Remark: Integration of amplified dyadic alongwith integral transformations, mother-father wavelets are changed into the wavelet clan:

ϕ_{j, k} (x) = 2^{j / 2} ϕ (2^{j} x - k) a n d ψ_{j, k} (x) = 2^{j / 2} ψ (2^{j} x - k)

3.2. Neuronal-Fuzzification procedural aspect

Neuronal-Fuzzification procedures have been premeditated to comprehend the fuzzy reasoning procedure and the weights connecting in the network which need to be allied with fuzzy reasoning constraints involving the backpropagation knowledge. This identifies fuzzy measures, learn the connexion function for fuzzy reasoning. The neuronal-fuzzy model initiated with decoding the membership assessment of each with the aid of Fuzzy C-Means, trailed through fuzzified inference steps (Fig. 5 ).
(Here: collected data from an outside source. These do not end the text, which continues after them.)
(* If $G$ is a geometric strongly regular graph, then $G$ is integrable.
   Context: A strongly regular graph with parameters $(v,k,\lambda,\mu)$ is a $k$-regular graph on $v$ vertices in which adjacent vertices have $\lambda$ common neighbours and distinct nonadjacent vertices have $\mu$ common neighbours. Let $\theta_{\min}(G)$ be the smallest eigenvalue of the adjacency matrix $A(G)$. Every clique of $G$ has at most $1-\frac{k}{\theta_{\min}(G)}$ vertices; a clique with exactly this many vertices is called a Delsarte clique. $G$ is geometric if there is a set $\mathcal{C}$ of Delsarte cliques of $G$ such that every pair of adjacent vertices lies in exactly one clique of $\mathcal{C}$. A graph $G$ is integrable if there is an integral matrix $N$ with $A(G)-\lfloor\theta_{\min}(G)\rfloor I=N^TN$. *)

theory Defs
  imports "Jordan_Normal_Form.Char_Poly"
begin

text \<open>A finite simple graph on the vertex set {0..<n}, given by a symmetric
irreflexive adjacency relation E (only its restriction to {0..<n} matters).\<close>

definition simple_graph :: "nat \<Rightarrow> (nat \<Rightarrow> nat \<Rightarrow> bool) \<Rightarrow> bool" where
  "simple_graph n E \<longleftrightarrow> (\<forall>u<n. \<not> E u u) \<and> (\<forall>u<n. \<forall>v<n. E u v \<longrightarrow> E v u)"

definition nbhd :: "nat \<Rightarrow> (nat \<Rightarrow> nat \<Rightarrow> bool) \<Rightarrow> nat \<Rightarrow> nat set" where
  "nbhd n E u = {w. w < n \<and> E u w}"

definition strongly_regular ::
  "nat \<Rightarrow> (nat \<Rightarrow> nat \<Rightarrow> bool) \<Rightarrow> nat \<Rightarrow> nat \<Rightarrow> nat \<Rightarrow> nat \<Rightarrow> bool" where
  "strongly_regular n E v k lam mu \<longleftrightarrow>
     simple_graph n E \<and> n = v \<and>
     (\<forall>u<n. card (nbhd n E u) = k) \<and>
     (\<forall>u<n. \<forall>w<n. E u w \<longrightarrow> card (nbhd n E u \<inter> nbhd n E w) = lam) \<and>
     (\<forall>u<n. \<forall>w<n. u \<noteq> w \<and> \<not> E u w \<longrightarrow> card (nbhd n E u \<inter> nbhd n E w) = mu)"

definition adj_mat :: "nat \<Rightarrow> (nat \<Rightarrow> nat \<Rightarrow> bool) \<Rightarrow> 'a :: {zero,one} mat" where
  "adj_mat n E = mat n n (\<lambda>(i, j). if E i j then 1 else 0)"

definition theta_min :: "nat \<Rightarrow> (nat \<Rightarrow> nat \<Rightarrow> bool) \<Rightarrow> real" where
  "theta_min n E = Min {t. eigenvalue (adj_mat n E :: real mat) t}"

definition is_clique :: "nat \<Rightarrow> (nat \<Rightarrow> nat \<Rightarrow> bool) \<Rightarrow> nat set \<Rightarrow> bool" where
  "is_clique n E C \<longleftrightarrow> C \<subseteq> {..<n} \<and> (\<forall>u\<in>C. \<forall>w\<in>C. u \<noteq> w \<longrightarrow> E u w)"

definition delsarte_clique :: "nat \<Rightarrow> (nat \<Rightarrow> nat \<Rightarrow> bool) \<Rightarrow> nat \<Rightarrow> nat set \<Rightarrow> bool" where
  "delsarte_clique n E k C \<longleftrightarrow>
     is_clique n E C \<and> real (card C) = 1 - real k / theta_min n E"

definition geometric :: "nat \<Rightarrow> (nat \<Rightarrow> nat \<Rightarrow> bool) \<Rightarrow> nat \<Rightarrow> bool" where
  "geometric n E k \<longleftrightarrow>
     (\<exists>\<C>. (\<forall>C\<in>\<C>. delsarte_clique n E k C) \<and>
          (\<forall>u<n. \<forall>w<n. E u w \<longrightarrow> (\<exists>!C. C \<in> \<C> \<and> u \<in> C \<and> w \<in> C)))"

definition integrable :: "nat \<Rightarrow> (nat \<Rightarrow> nat \<Rightarrow> bool) \<Rightarrow> bool" where
  "integrable n E \<longleftrightarrow>
     (\<exists>m. \<exists>N :: int mat. N \<in> carrier_mat m n \<and>
        adj_mat n E - of_int \<lfloor>theta_min n E\<rfloor> \<cdot>\<^sub>m 1\<^sub>m n = transpose_mat N * N)"

end

theory Submission
  imports Defs
begin

text \<open>The cliques of a geometric graph partition its edges, so the neighbourhood of a
vertex u splits into the sets C - {u} over the cliques C through u. Each of them has
-k / theta_min elements, hence every vertex lies in exactly t = -theta_min of the
cliques. For the clique-vertex incidence matrix N, the entry (i, j) of N^T N counts
the cliques containing both i and j, which is t on the diagonal and 1 or 0 off it
according to adjacency. So N^T N = A + t I = A - \<lfloor>theta_min\<rfloor> I. For an edgeless
graph theta_min = 0 and the empty family of cliques does the job.\<close>

definition incidence_mat :: "nat set list \<Rightarrow> nat \<Rightarrow> int mat" where
  "incidence_mat cs n = mat (length cs) n (\<lambda>(l, j). if j \<in> cs ! l then 1 else 0)"

lemma gram_incidence_mat_entry:
  assumes "distinct cs" "i < n" "j < n"
  shows "(transpose_mat (incidence_mat cs n) * incidence_mat cs n) $$ (i, j)
           = int (card {C \<in> set cs. i \<in> C \<and> j \<in> C})"
proof -
  let ?L = "{l. l < length cs \<and> i \<in> cs ! l \<and> j \<in> cs ! l}"
  have "(transpose_mat (incidence_mat cs n) * incidence_mat cs n) $$ (i, j)
          = (\<Sum>l\<in>{0..<length cs}. if i \<in> cs ! l \<and> j \<in> cs ! l then 1 else 0)"
    using assms by (auto simp: incidence_mat_def scalar_prod_def intro!: sum.cong)
  also have "\<dots> = int (card ?L)"
    by (simp add: sum.If_cases atLeast0LessThan Int_def)
  also have "card ?L = card ((!) cs ` ?L)"
    using assms(1) by (intro card_image[symmetric]) (auto simp: inj_on_def nth_eq_iff_index_eq)
  also have "(!) cs ` ?L = {C \<in> set cs. i \<in> C \<and> j \<in> C}"
    by (auto simp: in_set_conv_nth)
  finally show ?thesis .
qed

lemma eigenvalue_zero_mat_iff:
  "eigenvalue (0\<^sub>m n n :: 'a :: idom mat) t \<longleftrightarrow> 0 < n \<and> t = 0"
proof
  assume "eigenvalue (0\<^sub>m n n :: 'a mat) t"
  then obtain v where v: "v \<in> carrier_vec n" "v \<noteq> 0\<^sub>v n" "0\<^sub>m n n *\<^sub>v v = t \<cdot>\<^sub>v v"
    by (auto simp: eigenvalue_def eigenvector_def)
  then obtain i where i: "i < n" "v $ i \<noteq> 0"
    by (metis eq_vecI carrier_vecD index_zero_vec)
  have "t * v $ i = (0\<^sub>m n n *\<^sub>v v) $ i"
    using v(3) i v(1) by simp
  also have "\<dots> = 0"
    using i v(1) by (simp add: scalar_prod_def)
  finally show "0 < n \<and> t = 0"
    using i by simp
next
  assume "0 < n \<and> t = 0"
  then show "eigenvalue (0\<^sub>m n n :: 'a mat) t"
    unfolding eigenvalue_def eigenvector_def
    by (intro exI[of _ "unit_vec n 0"]) (auto simp: unit_vec_def vec_eq_iff)
qed

lemma theta_min_edgeless:
  assumes "0 < n" "\<forall>u<n. \<forall>w<n. \<not> E u w"
  shows "theta_min n E = 0"
proof -
  have "adj_mat n E = (0\<^sub>m n n :: real mat)"
    using assms(2) by (auto simp: adj_mat_def)
  then show ?thesis
    using assms(1) by (simp add: theta_min_def eigenvalue_zero_mat_iff)
qed

definition clique_edge_partition :: "nat \<Rightarrow> (nat \<Rightarrow> nat \<Rightarrow> bool) \<Rightarrow> nat set set \<Rightarrow> bool" where
  "clique_edge_partition n E \<C> \<longleftrightarrow>
     (\<forall>C\<in>\<C>. is_clique n E C) \<and>
     (\<forall>u<n. \<forall>w<n. E u w \<longrightarrow> (\<exists>!C. C \<in> \<C> \<and> u \<in> C \<and> w \<in> C))"

lemma clique_edge_partition_finite:
  assumes "clique_edge_partition n E \<C>"
  shows "finite \<C>" and "C \<in> \<C> \<Longrightarrow> finite C"
proof -
  have "\<C> \<subseteq> Pow {..<n}"
    using assms by (auto simp: clique_edge_partition_def is_clique_def)
  then show "finite \<C>" "C \<in> \<C> \<Longrightarrow> finite C"
    by (auto intro: finite_subset)
qed

lemma clique_edge_partition_adjacent:
  assumes "clique_edge_partition n E \<C>" "C \<in> \<C>" "u \<in> C" "w \<in> C" "u \<noteq> w"
  shows "E u w" and "u < n" and "w < n"
  using assms by (auto simp: clique_edge_partition_def is_clique_def)

lemma clique_edge_partition_cover:
  assumes "clique_edge_partition n E \<C>" "E u w" "u < n" "w < n"
  obtains C where "C \<in> \<C>" "u \<in> C" "w \<in> C"
  using assms unfolding clique_edge_partition_def by blast

lemma clique_edge_partition_unique:
  assumes "clique_edge_partition n E \<C>" "E u w" "u < n" "w < n"
    and "C1 \<in> \<C>" "u \<in> C1" "w \<in> C1" "C2 \<in> \<C>" "u \<in> C2" "w \<in> C2"
  shows "C1 = C2"
  using assms unfolding clique_edge_partition_def by blast

lemma card_cliques_containing_pair:
  assumes "clique_edge_partition n E \<C>" "i < n" "j < n" "i \<noteq> j"
  shows "card {C \<in> \<C>. i \<in> C \<and> j \<in> C} = (if E i j then 1 else 0)"
proof (cases "E i j")
  case True
  then obtain C where C: "C \<in> \<C>" "i \<in> C" "j \<in> C"
    using clique_edge_partition_cover assms(1-3) by blast
  then have "{C \<in> \<C>. i \<in> C \<and> j \<in> C} = {C}"
    using clique_edge_partition_unique[OF assms(1) True assms(2,3)] by blast
  with True show ?thesis by simp
next
  case False
  then have "{C \<in> \<C>. i \<in> C \<and> j \<in> C} = {}"
    using clique_edge_partition_adjacent(1)[OF assms(1) _ _ _ assms(4)] by blast
  with False show ?thesis by (simp only: card.empty if_False)
qed

lemma card_nbhd_eq_sum_cliques:
  assumes "simple_graph n E" "clique_edge_partition n E \<C>" "u < n"
  shows "card (nbhd n E u) = (\<Sum>C\<in>{C \<in> \<C>. u \<in> C}. card C - 1)"
proof -
  let ?D = "{C \<in> \<C>. u \<in> C}"
  note fin = clique_edge_partition_finite[OF assms(2)]
  have nbhd_eq: "nbhd n E u = (\<Union>C\<in>?D. C - {u})"
  proof (intro equalityI subsetI)
    fix w assume w: "w \<in> nbhd n E u"
    then have "w < n" "E u w" "w \<noteq> u"
      using assms(1,3) by (auto simp: nbhd_def simple_graph_def)
    then obtain C where "C \<in> \<C>" "u \<in> C" "w \<in> C"
      using clique_edge_partition_cover[OF assms(2)] assms(3) by metis
    with \<open>w \<noteq> u\<close> show "w \<in> (\<Union>C\<in>?D. C - {u})" by blast
  next
    fix w assume "w \<in> (\<Union>C\<in>?D. C - {u})"
    then obtain C where "C \<in> \<C>" "u \<in> C" "w \<in> C" "u \<noteq> w" by blast
    then show "w \<in> nbhd n E u"
      using clique_edge_partition_adjacent[OF assms(2)] by (simp add: nbhd_def)
  qed
  have disjoint: "(C1 - {u}) \<inter> (C2 - {u}) = {}"
    if "C1 \<in> ?D" "C2 \<in> ?D" "C1 \<noteq> C2" for C1 C2
  proof (rule ccontr)
    assume "(C1 - {u}) \<inter> (C2 - {u}) \<noteq> {}"
    then obtain w where w: "w \<in> C1" "w \<in> C2" "u \<noteq> w" by blast
    have "E u w" "w < n"
      using clique_edge_partition_adjacent[OF assms(2)] that(1) w by auto
    then have "C1 = C2"
      using clique_edge_partition_unique[OF assms(2) _ assms(3)] that(1,2) w by blast
    with that(3) show False ..
  qed
  have "card (nbhd n E u) = (\<Sum>C\<in>?D. card (C - {u}))"
    unfolding nbhd_eq using fin disjoint by (intro card_UN_disjoint) auto
  also have "\<dots> = (\<Sum>C\<in>?D. card C - 1)"
    using fin by (intro sum.cong) auto
  finally show ?thesis .
qed

lemma theta_min_eq_neg_card_cliques:
  assumes "simple_graph n E" "clique_edge_partition n E \<C>"
    and "\<forall>u<n. card (nbhd n E u) = k" "0 < k"
    and "\<forall>C\<in>\<C>. real (card C) = 1 - real k / theta_min n E"
    and "u < n"
  shows "theta_min n E = - real (card {C \<in> \<C>. u \<in> C})"
proof -
  let ?D = "{C \<in> \<C>. u \<in> C}"
  have "k = (\<Sum>C\<in>?D. card C - 1)"
    using card_nbhd_eq_sum_cliques[OF assms(1,2,6)] assms(3,6) by metis
  then have "real k = (\<Sum>C\<in>?D. real (card C - 1))"
    by (simp only: of_nat_sum)
  also have "\<dots> = (\<Sum>C\<in>?D. - real k / theta_min n E)"
  proof (intro sum.cong refl)
    fix C assume C: "C \<in> ?D"
    then have "card C \<noteq> 0"
      using clique_edge_partition_finite(2)[OF assms(2)] by auto
    then have "real (card C - 1) = real (card C) - 1"
      by simp
    also have "\<dots> = - real k / theta_min n E"
      using assms(5) C by simp
    finally show "real (card C - 1) = - real k / theta_min n E" .
  qed
  finally have "real k = - real (card ?D) * real k / theta_min n E"
    by simp
  moreover from this have "theta_min n E \<noteq> 0"
    using assms(4) by auto
  ultimately have "real k * theta_min n E = real k * - real (card ?D)"
    by (simp add: field_simps)
  then show ?thesis
    using assms(4) by (subst (asm) mult_left_cancel) auto
qed

lemma adj_plus_diag_eq_gram:
  assumes "simple_graph n E" "clique_edge_partition n E \<C>"
    and "\<forall>u<n. card {C \<in> \<C>. u \<in> C} = t"
  obtains N :: "int mat"
  where "N \<in> carrier_mat (card \<C>) n" "adj_mat n E + int t \<cdot>\<^sub>m 1\<^sub>m n = transpose_mat N * N"
proof -
  obtain cs where cs: "set cs = \<C>" "distinct cs"
    using finite_distinct_list clique_edge_partition_finite(1)[OF assms(2)] by blast
  let ?N = "incidence_mat cs n"
  have "adj_mat n E + int t \<cdot>\<^sub>m 1\<^sub>m n = transpose_mat ?N * ?N"
  proof (rule eq_matI)
    fix i j assume "i < dim_row (transpose_mat ?N * ?N)" "j < dim_col (transpose_mat ?N * ?N)"
    then have ij: "i < n" "j < n" by (auto simp: incidence_mat_def)
    then show "(adj_mat n E + int t \<cdot>\<^sub>m 1\<^sub>m n) $$ (i, j) = (transpose_mat ?N * ?N) $$ (i, j)"
      using gram_incidence_mat_entry[OF cs(2) ij] card_cliques_containing_pair[OF assms(2) ij]
        assms(1,3) cs(1)
      by (cases "i = j") (auto simp: adj_mat_def simple_graph_def)
  qed (auto simp: incidence_mat_def adj_mat_def)
  moreover have "?N \<in> carrier_mat (card \<C>) n"
    using cs distinct_card by (fastforce simp: incidence_mat_def)
  ultimately show thesis using that by blast
qed

lemma integrable_if_theta_min_eq_neg_card_cliques:
  assumes "simple_graph n E" "clique_edge_partition n E \<C>"
    and "\<forall>u<n. card {C \<in> \<C>. u \<in> C} = t" "theta_min n E = - real t"
  shows "integrable n E"
proof -
  have floor_theta: "\<lfloor>theta_min n E\<rfloor> = - int t"
    using assms(4) by (metis floor_of_int of_int_minus of_int_of_nat_eq)
  obtain N where "N \<in> carrier_mat (card \<C>) n" "adj_mat n E + int t \<cdot>\<^sub>m 1\<^sub>m n = transpose_mat N * N"
    using adj_plus_diag_eq_gram[OF assms(1-3)] .
  moreover have "adj_mat n E - of_int \<lfloor>theta_min n E\<rfloor> \<cdot>\<^sub>m 1\<^sub>m n = adj_mat n E + int t \<cdot>\<^sub>m 1\<^sub>m n"
    using floor_theta by (auto simp: adj_mat_def)
  ultimately show ?thesis
    unfolding integrable_def by metis
qed

theorem lemma4p2:
  fixes n v k lam mu :: nat and E :: "nat \<Rightarrow> nat \<Rightarrow> bool"
  assumes "strongly_regular n E v k lam mu"
    and "geometric n E k"
  shows "integrable n E"
proof -
  have simple: "simple_graph n E" and regular: "\<forall>u<n. card (nbhd n E u) = k"
    using assms(1) by (auto simp: strongly_regular_def)
  obtain \<C> where partition: "clique_edge_partition n E \<C>"
    and delsarte: "\<forall>C\<in>\<C>. real (card C) = 1 - real k / theta_min n E"
    using assms(2) by (auto simp: geometric_def delsarte_clique_def clique_edge_partition_def)
  consider "n = 0" | "0 < n" "k = 0" | "0 < n" "0 < k" by blast
  then show ?thesis
  proof cases
    case 1
    then show ?thesis
      unfolding integrable_def
      by (intro exI[of _ 0] exI[of _ "0\<^sub>m 0 0 :: int mat"]) (auto simp: adj_mat_def)
  next
    case 2
    then have edgeless: "\<forall>u<n. \<forall>w<n. \<not> E u w"
      using regular by (auto simp: nbhd_def)
    show ?thesis
      using simple theta_min_edgeless[OF \<open>0 < n\<close> edgeless] edgeless
      by (intro integrable_if_theta_min_eq_neg_card_cliques[of _ _ "{}" 0])
        (auto simp: clique_edge_partition_def)
  next
    case 3
    let ?t = "card {C \<in> \<C>. 0 \<in> C}"
    have theta: "theta_min n E = - real (card {C \<in> \<C>. u \<in> C})" if "u < n" for u
      using theta_min_eq_neg_card_cliques[OF simple partition regular \<open>0 < k\<close> delsarte that] .
    then have "\<forall>u<n. card {C \<in> \<C>. u \<in> C} = ?t"
      using theta[OF \<open>0 < n\<close>] by simp
    with theta[OF \<open>0 < n\<close>] show ?thesis
      using integrable_if_theta_min_eq_neg_card_cliques[OF simple partition] by blast
  qed
qed

end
Fig 5 — Flowchart of application of Wavelet decomposed data into Neuronal-Fuzzification .

4. Performance errors in forecasting

4.1. Mean absolute error (MAE)

Theorem: Absolute value for altercations in between original calculations and estimated values through the simulation of mean of these sums of absolute errors. Also, here we consider that each of the individual errors attain equivalent weights referred to as Mean Absolute error.

Remark: This mean absolute error is denoted as:

M A E = \frac{1}{N} (\sum_{i = 1}^{N} | d_{i} - y_{i} |),

d denoted the actual quantity; y denotes the anticipated assessment; N- no. of days in prediction.

Algorithm to find value of Mean Absolute Error:

1
Compute regressive line as: y= axe+b, a & b:- real constants.
2
Introduce X values in the linear regression equality determining the new values, Y’.
3
Measure difference of new predicted value from actual measurement to catch the error.
4
Take absolute value of the errors.
5
Add up the calculated values obtained in Step 4.
6
Finding mean.

4.2. Root mean squared error (RMSE)

Theorem: The root mean squared error is square root for Mean Squared Errors calculated via actual outcomes and the expected quantities.

Remark: $R M S E = \sqrt{\frac{\sum_{i = 1}^{n} {(y_{i} - {\hat{y}}_{i})}^{2}}{n}}$ ;y_i denotes actual quantity; ${\hat{y}}_{i}$ denotes predicted outcomes; n is no. of days of estimation.

Algorithm to find the value of Root Mean Squared Error:

1. Find the regression line: y=axe+b, a and b are real constants.

2. Introduce X assessments in the linear lapse equality for computing new assessments, Y’.

3. Measure subtraction of new Y assessment from the original to calculate the inaccuracies.

4. Squaring inaccuracies.

5. Summation of inaccuracies.

6. Discovering the mean.

7. Take the square root of mean.

Open in a new tab

4.3. Goodness of fit (R²)

Theorem: calculates the proportion in the dependent variable that is simulated by linear lapse and the predictor variable which is the independent variable. It defines the degree of evaluation ability of a model to envisage or explain an outcome for linear lapse model.

Algorithm to determine the goodness of fit:

1. Find regressive line (curve): y=axe+b, a and b are real constants.

2. Compute sum of squared errors for regression setup,

S S E = \sum_{i = 1}^{n} {(y_{i} - {\hat{y}}_{i})}^{2}

3. Also, compute sum of squared errors of the baseform setup,

S S T = \sum_{i = 1}^{n} {(y_{i} - {\bar{y}}_{i})}^{2}

4. Calculate the ratio: SSE/SST.

5. Subtract the ratio from 1. i.e.

R^{2} = 1 - \frac{S S E}{S S T}

Open in a new tab

4.4. Symmetric mean absolute percentage error (sMAPE)

Theorem: A percentage-based error to accurately measure the relative errors on percentage basis. This performance measure proposes a lower and upper bound to the errors in the range 0% to 100%.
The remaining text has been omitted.